What the exercise asks: Where the data below has the string "simp", return the whole line.

(Saved entries)
lemma (in prob_space) real_cond_exp_compensated_survival_step:
  assumes F: "filtration M F" and "0 \<le> s" "s \<le> u"
    and A: "finite A" "j \<notin> A"
    and K: "K j u \<in> borel_measurable (F u)"
    and V: "V \<in> borel_measurable M" "integrable M (\<lambda>\<omega>. exp (- K j u \<omega>) * V \<omega>)"
    and mart: "martingale M F (compensated_survival K \<Lambda> (insert j A))"
    and cond_V: "AE \<omega> in M. real_cond_exp M (F u) V \<omega> = compensated_survival K \<Lambda> A u \<omega> * c"
  shows "AE \<omega> in M. real_cond_exp M (F s) (\<lambda>\<omega>. exp (- K j u \<omega>) * V \<omega>) \<omega>
    = compensated_survival K \<Lambda> (insert j A) s \<omega> * (exp (\<Lambda> A u - \<Lambda> (insert j A) u) * c)"
proof -
  let ?Z = "compensated_survival K \<Lambda> (insert j A)" and ?c = "exp (\<Lambda> A u - \<Lambda> (insert j A) u) * c"
  have sub_u: "subalgebra M (F u)" and sub_s: "subalgebra (F u) (F s)"
    using \<open>0 \<le> s\<close> \<open>s \<le> u\<close> by (auto intro: filtration_subalgebra[OF F] filtration_subalgebra_mono[OF F])
  interpret Fs: finite_measure_subalgebra M "F s"
    by standard (rule filtration_subalgebra[OF F \<open>0 \<le> s\<close>])
  have "0 \<le> u" using \<open>0 \<le> s\<close> \<open>s \<le> u\<close> by simp
  then have Z_u: "?Z u \<in> borel_measurable M" "integrable M (?Z u)"
    using mart measurable_from_subalg[OF sub_u] unfolding martingale_def adapted_def by blast+
  have K_M: "K j u \<in> borel_measurable M"
    using measurable_from_subalg[OF sub_u K] .
  have "AE \<omega> in M. real_cond_exp M (F s) (\<lambda>\<omega>. exp (- K j u \<omega>) * V \<omega>) \<omega>
      = real_cond_exp M (F s) (\<lambda>\<omega>. exp (- K j u \<omega>) * real_cond_exp M (F u) V \<omega>) \<omega>"
    using K by (intro real_cond_exp_tower_mult[OF sub_u sub_s _ V]) measurable
  moreover have "AE \<omega> in M. real_cond_exp M (F s) (\<lambda>\<omega>. exp (- K j u \<omega>) * real_cond_exp M (F u) V \<omega>) \<omega>
      = real_cond_exp M (F s) (\<lambda>\<omega>. ?c * ?Z u \<omega>) \<omega>"
  proof (rule Fs.real_cond_exp_cong)
    show "AE \<omega> in M. exp (- K j u \<omega>) * real_cond_exp M (F u) V \<omega> = ?c * ?Z u \<omega>"
      using cond_V
    proof eventually_elim
      case (elim \<omega>)
      then have "exp (- K j u \<omega>) * real_cond_exp M (F u) V \<omega>
          = (exp (- K j u \<omega>) * compensated_survival K \<Lambda> A u \<omega>) * c"
        by simp
      then show ?case
        by (simp add: compensated_survival_insert[OF A])
    qed
  qed (use K_M Z_u in \<open>auto intro: borel_measurable_cond_exp2\<close>)
  moreover have "AE \<omega> in M. real_cond_exp M (F s) (\<lambda>\<omega>. ?c * ?Z u \<omega>) \<omega> = ?c * real_cond_exp M (F s) (?Z u) \<omega>"
    by (rule Fs.real_cond_exp_cmult[OF Z_u(2)])
  moreover have "AE \<omega> in M. real_cond_exp M (F s) (?Z u) \<omega> = ?Z s \<omega>"
    using mart \<open>0 \<le> s\<close> \<open>s \<le> u\<close> by (simp add: martingale_def)
  ultimately show ?thesis
    by eventually_elim simp
qed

Exercise solution:
  have "0 \<le> u" using \<open>0 \<le> s\<close> \<open>s \<le> u\<close> by simp
        by simp
        by (simp add: compensated_survival_insert[OF A])
    using mart \<open>0 \<le> s\<close> \<open>s \<le> u\<close> by (simp add: martingale_def)
    by eventually_elim simp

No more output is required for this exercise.